ABOUT THIS EXERCISE: Word for word, set down every line of the entries below from the line with "using normal_density_second_moment[OF \<tau>(1), of" to the line with "by (intro nn_integral_cong) (simp", including both, and no other line.

##### DATA SHOWN

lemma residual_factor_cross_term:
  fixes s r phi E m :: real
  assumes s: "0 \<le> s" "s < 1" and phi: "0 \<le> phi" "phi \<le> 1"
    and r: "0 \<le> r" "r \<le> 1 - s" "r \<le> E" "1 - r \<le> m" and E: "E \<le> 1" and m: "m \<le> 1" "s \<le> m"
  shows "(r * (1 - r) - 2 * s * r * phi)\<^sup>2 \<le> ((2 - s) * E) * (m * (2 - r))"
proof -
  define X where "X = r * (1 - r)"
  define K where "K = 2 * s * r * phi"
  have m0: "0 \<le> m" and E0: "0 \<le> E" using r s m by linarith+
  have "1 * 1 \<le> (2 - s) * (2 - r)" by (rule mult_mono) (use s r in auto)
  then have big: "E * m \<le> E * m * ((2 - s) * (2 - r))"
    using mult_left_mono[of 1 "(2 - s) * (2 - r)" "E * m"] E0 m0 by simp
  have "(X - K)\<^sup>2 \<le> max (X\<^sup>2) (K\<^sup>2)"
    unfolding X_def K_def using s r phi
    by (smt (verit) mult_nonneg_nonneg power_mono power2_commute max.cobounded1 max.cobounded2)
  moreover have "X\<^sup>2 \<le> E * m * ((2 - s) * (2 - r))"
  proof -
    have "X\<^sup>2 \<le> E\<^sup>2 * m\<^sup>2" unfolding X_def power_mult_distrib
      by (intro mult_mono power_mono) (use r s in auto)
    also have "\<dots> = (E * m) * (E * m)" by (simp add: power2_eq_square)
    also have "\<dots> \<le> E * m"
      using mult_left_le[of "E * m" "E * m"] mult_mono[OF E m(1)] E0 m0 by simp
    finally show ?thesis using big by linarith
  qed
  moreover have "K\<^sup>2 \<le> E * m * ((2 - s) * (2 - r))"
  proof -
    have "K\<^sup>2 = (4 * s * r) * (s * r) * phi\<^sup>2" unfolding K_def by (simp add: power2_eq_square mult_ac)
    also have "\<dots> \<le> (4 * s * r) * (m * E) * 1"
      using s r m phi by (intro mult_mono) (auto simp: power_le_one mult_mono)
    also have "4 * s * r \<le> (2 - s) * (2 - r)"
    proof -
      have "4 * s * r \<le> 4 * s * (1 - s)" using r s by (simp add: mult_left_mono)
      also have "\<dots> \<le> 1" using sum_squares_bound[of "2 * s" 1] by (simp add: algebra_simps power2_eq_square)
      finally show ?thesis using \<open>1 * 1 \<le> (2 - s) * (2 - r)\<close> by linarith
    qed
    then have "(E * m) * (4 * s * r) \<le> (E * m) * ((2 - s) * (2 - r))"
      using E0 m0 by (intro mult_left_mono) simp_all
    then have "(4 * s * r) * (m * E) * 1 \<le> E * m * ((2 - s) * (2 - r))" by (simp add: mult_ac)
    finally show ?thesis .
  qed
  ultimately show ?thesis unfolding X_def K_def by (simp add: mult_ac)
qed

##########
##### DATA SHOWN

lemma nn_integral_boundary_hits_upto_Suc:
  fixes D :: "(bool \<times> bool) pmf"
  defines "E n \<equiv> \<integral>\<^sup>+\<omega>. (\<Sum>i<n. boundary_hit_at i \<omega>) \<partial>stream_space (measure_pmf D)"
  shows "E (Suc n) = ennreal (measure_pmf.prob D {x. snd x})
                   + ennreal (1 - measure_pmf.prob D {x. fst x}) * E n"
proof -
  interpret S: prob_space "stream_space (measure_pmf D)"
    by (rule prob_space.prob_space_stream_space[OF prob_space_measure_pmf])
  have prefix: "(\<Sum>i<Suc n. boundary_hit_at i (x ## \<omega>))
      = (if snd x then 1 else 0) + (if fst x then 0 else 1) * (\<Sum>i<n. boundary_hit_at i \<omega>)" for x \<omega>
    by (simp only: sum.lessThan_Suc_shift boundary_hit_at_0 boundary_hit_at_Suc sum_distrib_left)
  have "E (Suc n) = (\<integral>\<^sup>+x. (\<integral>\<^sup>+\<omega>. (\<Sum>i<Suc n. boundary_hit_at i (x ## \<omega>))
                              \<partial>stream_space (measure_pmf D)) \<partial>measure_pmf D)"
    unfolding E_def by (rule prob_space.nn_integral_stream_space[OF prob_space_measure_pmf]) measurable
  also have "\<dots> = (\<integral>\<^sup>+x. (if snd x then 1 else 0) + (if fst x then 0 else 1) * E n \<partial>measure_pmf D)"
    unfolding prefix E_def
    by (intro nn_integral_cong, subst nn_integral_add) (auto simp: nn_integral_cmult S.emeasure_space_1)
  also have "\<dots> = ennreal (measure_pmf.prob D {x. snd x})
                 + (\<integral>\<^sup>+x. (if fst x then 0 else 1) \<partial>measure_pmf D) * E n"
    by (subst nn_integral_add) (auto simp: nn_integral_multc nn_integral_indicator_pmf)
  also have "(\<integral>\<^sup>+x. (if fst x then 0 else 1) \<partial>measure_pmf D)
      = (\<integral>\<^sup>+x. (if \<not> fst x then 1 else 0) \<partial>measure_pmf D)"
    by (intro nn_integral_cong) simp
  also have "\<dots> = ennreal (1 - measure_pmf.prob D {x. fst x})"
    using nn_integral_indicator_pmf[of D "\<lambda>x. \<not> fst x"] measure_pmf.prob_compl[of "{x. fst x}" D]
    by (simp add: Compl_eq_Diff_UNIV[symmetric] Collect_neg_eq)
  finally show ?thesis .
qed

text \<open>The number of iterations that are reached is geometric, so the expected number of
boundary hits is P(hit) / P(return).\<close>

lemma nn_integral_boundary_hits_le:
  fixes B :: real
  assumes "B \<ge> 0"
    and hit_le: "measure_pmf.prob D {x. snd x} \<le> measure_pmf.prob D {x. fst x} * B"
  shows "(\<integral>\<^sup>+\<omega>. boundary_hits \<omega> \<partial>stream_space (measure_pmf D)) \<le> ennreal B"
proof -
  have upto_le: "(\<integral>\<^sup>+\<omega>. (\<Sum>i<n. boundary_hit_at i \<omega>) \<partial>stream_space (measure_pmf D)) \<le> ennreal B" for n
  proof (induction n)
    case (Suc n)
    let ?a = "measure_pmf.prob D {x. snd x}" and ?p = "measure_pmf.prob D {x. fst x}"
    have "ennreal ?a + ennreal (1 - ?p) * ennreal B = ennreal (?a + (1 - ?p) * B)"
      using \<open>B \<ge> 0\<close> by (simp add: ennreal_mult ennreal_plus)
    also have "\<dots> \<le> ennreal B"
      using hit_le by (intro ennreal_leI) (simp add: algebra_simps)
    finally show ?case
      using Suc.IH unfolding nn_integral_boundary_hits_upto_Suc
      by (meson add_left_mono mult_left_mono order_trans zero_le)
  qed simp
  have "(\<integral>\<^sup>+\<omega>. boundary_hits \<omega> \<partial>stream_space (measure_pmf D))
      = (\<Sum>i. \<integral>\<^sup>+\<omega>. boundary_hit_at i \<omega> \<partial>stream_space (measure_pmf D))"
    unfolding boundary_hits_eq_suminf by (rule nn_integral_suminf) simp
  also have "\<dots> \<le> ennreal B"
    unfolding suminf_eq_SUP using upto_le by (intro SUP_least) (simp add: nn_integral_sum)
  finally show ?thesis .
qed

##########
##### DATA SHOWN

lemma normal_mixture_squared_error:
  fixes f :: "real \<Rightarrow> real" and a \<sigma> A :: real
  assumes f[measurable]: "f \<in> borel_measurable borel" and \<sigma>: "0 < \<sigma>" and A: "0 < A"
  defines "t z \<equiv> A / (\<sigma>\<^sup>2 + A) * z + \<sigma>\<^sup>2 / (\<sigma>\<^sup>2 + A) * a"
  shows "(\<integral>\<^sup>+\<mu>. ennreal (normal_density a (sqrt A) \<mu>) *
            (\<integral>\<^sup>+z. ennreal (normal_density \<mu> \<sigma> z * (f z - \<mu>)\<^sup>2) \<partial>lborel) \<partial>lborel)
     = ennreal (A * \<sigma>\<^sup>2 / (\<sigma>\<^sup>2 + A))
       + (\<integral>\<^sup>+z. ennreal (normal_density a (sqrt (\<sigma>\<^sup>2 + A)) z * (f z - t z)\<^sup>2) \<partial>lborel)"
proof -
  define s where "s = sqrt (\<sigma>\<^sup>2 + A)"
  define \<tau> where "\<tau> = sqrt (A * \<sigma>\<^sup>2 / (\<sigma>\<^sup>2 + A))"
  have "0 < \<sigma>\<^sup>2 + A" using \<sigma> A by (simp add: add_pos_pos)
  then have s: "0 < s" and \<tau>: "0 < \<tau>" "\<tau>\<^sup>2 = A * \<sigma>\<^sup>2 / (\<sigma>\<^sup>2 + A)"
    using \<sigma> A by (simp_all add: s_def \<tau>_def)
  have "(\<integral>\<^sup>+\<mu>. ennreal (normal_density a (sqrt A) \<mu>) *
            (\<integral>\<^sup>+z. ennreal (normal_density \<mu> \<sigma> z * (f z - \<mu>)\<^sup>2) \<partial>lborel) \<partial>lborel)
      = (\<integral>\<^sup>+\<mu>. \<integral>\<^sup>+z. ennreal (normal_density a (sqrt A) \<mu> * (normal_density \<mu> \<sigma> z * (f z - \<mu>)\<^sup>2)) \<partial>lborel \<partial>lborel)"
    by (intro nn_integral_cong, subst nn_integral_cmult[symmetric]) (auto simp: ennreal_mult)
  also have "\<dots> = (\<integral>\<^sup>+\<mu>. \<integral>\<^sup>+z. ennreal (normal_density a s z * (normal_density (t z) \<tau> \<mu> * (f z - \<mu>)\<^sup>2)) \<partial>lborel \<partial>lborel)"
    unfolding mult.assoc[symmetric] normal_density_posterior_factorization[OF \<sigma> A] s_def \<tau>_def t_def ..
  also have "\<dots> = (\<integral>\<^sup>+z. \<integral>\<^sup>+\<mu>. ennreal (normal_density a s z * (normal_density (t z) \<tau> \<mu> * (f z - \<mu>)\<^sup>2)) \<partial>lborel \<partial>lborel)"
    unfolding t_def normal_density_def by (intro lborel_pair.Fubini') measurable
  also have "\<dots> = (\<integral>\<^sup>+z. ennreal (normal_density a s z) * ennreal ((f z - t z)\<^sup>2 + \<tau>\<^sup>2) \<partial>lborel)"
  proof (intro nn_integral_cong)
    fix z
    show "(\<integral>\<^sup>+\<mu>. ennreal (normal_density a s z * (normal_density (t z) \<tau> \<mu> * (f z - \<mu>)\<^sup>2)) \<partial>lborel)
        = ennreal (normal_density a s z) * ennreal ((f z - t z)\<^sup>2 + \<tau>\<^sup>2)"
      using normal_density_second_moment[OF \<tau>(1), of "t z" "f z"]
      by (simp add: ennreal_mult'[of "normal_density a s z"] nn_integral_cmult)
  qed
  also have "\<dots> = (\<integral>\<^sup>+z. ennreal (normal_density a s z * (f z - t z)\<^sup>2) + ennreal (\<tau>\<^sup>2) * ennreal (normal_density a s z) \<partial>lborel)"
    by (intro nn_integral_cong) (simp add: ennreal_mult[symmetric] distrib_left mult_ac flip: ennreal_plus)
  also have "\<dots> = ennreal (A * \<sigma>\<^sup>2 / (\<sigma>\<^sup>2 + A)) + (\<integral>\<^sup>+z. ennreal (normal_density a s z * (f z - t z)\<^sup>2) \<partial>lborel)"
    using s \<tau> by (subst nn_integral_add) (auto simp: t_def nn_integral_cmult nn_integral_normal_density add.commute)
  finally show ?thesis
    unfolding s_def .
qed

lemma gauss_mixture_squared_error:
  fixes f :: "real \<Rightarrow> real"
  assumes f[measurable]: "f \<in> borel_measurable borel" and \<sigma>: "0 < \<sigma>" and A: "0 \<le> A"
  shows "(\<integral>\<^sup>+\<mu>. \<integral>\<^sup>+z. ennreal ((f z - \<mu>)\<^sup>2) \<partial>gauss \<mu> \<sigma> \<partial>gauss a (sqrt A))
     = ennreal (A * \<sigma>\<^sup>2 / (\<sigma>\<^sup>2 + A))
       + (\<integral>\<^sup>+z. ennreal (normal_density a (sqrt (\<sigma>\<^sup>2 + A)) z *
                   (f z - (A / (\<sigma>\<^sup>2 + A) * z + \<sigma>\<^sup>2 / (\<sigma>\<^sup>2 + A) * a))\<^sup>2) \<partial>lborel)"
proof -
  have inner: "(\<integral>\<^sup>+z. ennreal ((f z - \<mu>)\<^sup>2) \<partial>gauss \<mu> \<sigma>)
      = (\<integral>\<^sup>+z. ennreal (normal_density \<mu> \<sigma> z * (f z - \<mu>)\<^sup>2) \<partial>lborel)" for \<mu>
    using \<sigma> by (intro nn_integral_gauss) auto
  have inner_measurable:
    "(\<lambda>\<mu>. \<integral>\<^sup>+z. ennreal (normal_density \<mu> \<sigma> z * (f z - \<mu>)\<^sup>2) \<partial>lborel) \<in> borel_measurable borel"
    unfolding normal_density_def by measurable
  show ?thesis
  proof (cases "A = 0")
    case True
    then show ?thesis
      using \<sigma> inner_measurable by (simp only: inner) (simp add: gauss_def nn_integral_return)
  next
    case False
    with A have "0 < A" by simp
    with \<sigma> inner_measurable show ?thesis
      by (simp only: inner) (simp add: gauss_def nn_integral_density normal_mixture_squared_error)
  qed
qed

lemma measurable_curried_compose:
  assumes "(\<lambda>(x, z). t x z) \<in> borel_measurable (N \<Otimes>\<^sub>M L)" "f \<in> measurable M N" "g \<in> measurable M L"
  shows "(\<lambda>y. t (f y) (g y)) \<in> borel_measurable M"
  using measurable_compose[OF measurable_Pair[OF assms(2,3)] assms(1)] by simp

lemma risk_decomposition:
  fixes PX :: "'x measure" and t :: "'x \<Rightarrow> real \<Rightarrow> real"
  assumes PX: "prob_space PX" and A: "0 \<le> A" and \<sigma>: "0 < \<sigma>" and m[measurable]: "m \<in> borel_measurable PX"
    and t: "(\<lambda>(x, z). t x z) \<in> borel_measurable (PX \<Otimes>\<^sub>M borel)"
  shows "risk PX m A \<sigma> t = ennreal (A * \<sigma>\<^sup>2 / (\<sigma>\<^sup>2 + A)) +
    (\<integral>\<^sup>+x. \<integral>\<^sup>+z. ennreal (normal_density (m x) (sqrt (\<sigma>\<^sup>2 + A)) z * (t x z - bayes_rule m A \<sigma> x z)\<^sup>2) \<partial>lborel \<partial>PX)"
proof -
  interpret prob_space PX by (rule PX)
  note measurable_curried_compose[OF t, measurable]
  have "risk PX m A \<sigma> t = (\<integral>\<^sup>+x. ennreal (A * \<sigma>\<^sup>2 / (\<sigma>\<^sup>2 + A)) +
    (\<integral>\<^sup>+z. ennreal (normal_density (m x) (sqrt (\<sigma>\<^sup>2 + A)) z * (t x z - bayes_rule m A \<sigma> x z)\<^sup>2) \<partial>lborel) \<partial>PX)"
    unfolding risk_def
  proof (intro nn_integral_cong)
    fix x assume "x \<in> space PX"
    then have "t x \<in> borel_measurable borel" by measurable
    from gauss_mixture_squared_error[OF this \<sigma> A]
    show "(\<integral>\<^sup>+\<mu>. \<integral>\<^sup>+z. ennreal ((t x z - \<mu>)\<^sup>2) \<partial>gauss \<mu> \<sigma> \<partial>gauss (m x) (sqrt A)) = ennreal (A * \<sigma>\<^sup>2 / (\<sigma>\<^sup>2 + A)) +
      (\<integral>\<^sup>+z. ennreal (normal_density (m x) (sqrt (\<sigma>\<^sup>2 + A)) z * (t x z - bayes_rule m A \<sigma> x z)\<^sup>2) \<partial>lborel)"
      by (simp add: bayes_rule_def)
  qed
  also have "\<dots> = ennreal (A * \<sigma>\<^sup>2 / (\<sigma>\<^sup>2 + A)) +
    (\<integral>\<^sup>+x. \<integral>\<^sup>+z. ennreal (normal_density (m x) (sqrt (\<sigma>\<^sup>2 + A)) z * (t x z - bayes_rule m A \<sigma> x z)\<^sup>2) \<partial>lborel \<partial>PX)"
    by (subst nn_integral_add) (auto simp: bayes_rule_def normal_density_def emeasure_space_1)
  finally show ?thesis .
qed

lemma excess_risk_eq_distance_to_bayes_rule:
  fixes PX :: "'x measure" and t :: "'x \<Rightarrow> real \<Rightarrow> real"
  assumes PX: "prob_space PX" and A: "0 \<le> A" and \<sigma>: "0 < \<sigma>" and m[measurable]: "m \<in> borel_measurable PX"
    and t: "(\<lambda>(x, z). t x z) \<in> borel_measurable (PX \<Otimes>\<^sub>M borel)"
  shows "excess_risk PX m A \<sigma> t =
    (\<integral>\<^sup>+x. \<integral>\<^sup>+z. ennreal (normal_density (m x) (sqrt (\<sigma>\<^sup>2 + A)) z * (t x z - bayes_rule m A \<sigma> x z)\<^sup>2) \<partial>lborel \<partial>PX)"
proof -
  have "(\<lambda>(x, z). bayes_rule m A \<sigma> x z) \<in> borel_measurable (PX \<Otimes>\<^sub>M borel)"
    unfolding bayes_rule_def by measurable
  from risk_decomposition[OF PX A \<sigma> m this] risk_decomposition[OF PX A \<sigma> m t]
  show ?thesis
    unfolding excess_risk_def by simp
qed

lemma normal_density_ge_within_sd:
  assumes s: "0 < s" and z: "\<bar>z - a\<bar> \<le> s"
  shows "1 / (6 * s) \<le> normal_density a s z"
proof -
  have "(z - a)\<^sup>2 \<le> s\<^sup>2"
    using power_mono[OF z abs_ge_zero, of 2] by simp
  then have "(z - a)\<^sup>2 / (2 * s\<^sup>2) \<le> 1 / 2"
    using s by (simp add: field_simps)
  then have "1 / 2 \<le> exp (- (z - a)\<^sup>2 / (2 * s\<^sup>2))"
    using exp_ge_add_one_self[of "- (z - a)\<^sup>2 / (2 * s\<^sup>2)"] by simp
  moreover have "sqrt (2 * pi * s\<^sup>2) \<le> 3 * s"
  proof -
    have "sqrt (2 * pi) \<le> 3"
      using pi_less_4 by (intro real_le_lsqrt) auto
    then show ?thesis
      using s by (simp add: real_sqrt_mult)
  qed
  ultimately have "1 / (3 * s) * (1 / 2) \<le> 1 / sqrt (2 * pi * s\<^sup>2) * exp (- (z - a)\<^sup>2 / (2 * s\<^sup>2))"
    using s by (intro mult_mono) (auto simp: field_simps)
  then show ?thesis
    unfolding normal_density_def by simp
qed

##########

ANSWER SPACE:
      using normal_density_second_moment[OF \<tau>(1), of "t z" "f z"]
      by (simp add: ennreal_mult'[of "normal_density a s z"] nn_integral_cmult)
  qed
  also have "\<dots> = (\<integral>\<^sup>+z. ennreal (normal_density a s z * (f z - t z)\<^sup>2) + ennreal (\<tau>\<^sup>2) * ennreal (normal_density a s z) \<partial>lborel)"
    by (intro nn_integral_cong) (simp add: ennreal_mult[symmetric] distrib_left mult_ac flip: ennreal_plus)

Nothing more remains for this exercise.